The Associated Press sent open-records requests to the top lawmakers in all 50 states and most governors, seeking copies of their daily schedules and emails from the government accounts for the week of Feb. 1-7. The AP received more denials than approvals from lawmakers. It did not generally request emails from private accounts because rules and practices on those vary widely from state to state.
These summaries show how they responded in local states:
State law says there is a “presumption of public accessibility to all public records,” although there are plenty of exemptions.
The House speaker and minority leader released their emails in response to an AP request, but their Senate counterparts did not.
All the top lawmakers declined to release detailed personal calendars. The House said that’s because they “are in draft form, contain appointments that may or may not occur, are revised daily, are never corrected, and are not an accurate log” of actual appointments. The Senate said the records requests were “overly broad and lack a reasonably specificity for the information sought.” The state constitution says lawmakers are privileged for “words spoken in debate, or any report, motion or proposition made.”
Gov. Earl Ray Tomblin’s office said he does not personally use his official email account. It said the account received more than 600 emails over the timeframe. Tomblin did not release his detailed calendar, echoing the reasoning of the House.
Maryland’s Public Information Act gives the public the right to access government records without unnecessary cost and delay. However, not all government records are disclosable under the law.
For example, state legislators are shielded from disclosing documents relating to legislative activities by an absolute constitutional privilege, according to counsel for the General Assembly. When the AP requested emails and a daily schedule of activities for top lawmakers for the first week of February, most of the records would not have been releasable under the law, according to the attorney. However, the legislators waived legislative privilege and released hundreds of pages of documents, anyway.
The governor’s office also released his emails and calendar for the same week’s period.
Virginia’s public records law grants elected officials broad discretion in what they can withhold, including any correspondence or records related to “personal or deliberative use.”
Gov. Terry McAuliffe and the top Democrats and Republicans in both the House and the Senate all declined to provide emails The Associated Press requested. The governor and Democratic legislative leaders provided their calendars. Republican Senate Majority Leader Tommy Norment also provided calendars, but it showed only floor sessions and committee and caucus meetings – not any private meetings or events. Republican House Speaker William J. Howell said the request for a week’s worth of his calendar was too vague to qualify as a legitimate public records request.
Requests to all four legislative leaders for emails and calendars were denied.

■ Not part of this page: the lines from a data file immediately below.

definition solves_MIS_in ::
  "beep_alg \<Rightarrow> (nat \<Rightarrow> nat \<Rightarrow> nat \<Rightarrow> nat \<Rightarrow> bool list \<Rightarrow> bool) \<Rightarrow> nat
     \<Rightarrow> 'v set \<Rightarrow> ('v \<Rightarrow> 'v \<Rightarrow> bool) \<Rightarrow> ('v \<Rightarrow> nat) \<Rightarrow> nat \<Rightarrow> nat \<Rightarrow> nat \<Rightarrow> bool" where
  "solves_MIS_in A out T V E ident n c \<Delta> \<longleftrightarrow>
     maximal_independent_set V E
       {v \<in> V. out (ident v) n c \<Delta> (histories A E ident n c \<Delta> T v)}"

end

theory Submission
  imports Defs "HOL-Library.FuncSet" "HOL-Library.Discrete_Functions"
begin

text \<open>
  Read IDs as \<open>j\<close>-bit numbers, \<open>2^j > n^c\<close>, and give each ID a codeword of length
  \<open>L = (\<Delta> + 1) j\<close> over an alphabet of size \<open>q = 2 L\<close> such that distinct codewords agree in
  fewer than \<open>j\<close> positions; counting the words that agree with a given one in \<open>j\<close> positions
  shows that such a code exists. The algorithm has one phase of \<open>2 j + 1\<close> rounds for each
  position \<open>i < L\<close> and letter \<open>a < q\<close>. The candidates of the phase are the undecided nodes
  whose codeword has letter \<open>a\<close> at position \<open>i\<close>: they send their ID bit by bit, beeping on
  each bit and then on its complement, and join the MIS if they hear nothing; in the last round
  all MIS nodes beep, and every node hearing them is eliminated.

  Two adjacent candidates have distinct IDs, so one of them hears the other: the joined nodes
  are independent. An undecided node has at most \<open>\<Delta>\<close> neighbours, each agreeing with its
  codeword in at most \<open>j - 1\<close> positions; as \<open>\<Delta> (j - 1) < L\<close>, at some position no neighbour
  competes with it and it joins: the set is maximal. There are \<open>L q (2 j + 1) = O(\<Delta>^2 log^3 n)\<close>
  rounds.
\<close>

section \<open>Codes with few agreements\<close>

definition agreements :: "nat \<Rightarrow> (nat \<Rightarrow> 'a) \<Rightarrow> (nat \<Rightarrow> 'a) \<Rightarrow> nat set" where
  "agreements L w w' = {i. i < L \<and> w i = w' i}"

Legislative records are narrowly defined under the state’s Right-to-Know Law and include financial records, bills, co-sponsorship memos, chamber rules and other documents, but notably, not emails or daily schedules. The Senate letter denying access to those documents noted that making the request of the senators directly rather than through the clerk’s office could have delayed the process. The Senate also noted the AP had made very similar requests for correspondence in 2009, with the same negative result. Those two 2009 requests were the first appeals handled under a revamped public-records law that took full effect that year.
The governor’s office has exercised its right to take up to 35 days to comply with the pending request, and its full response is due by March 17. Gov. Tom Wolf, a Democrat in his second year, has posted his public schedule online, a break from past practice that was apparently a response to an open-records court case.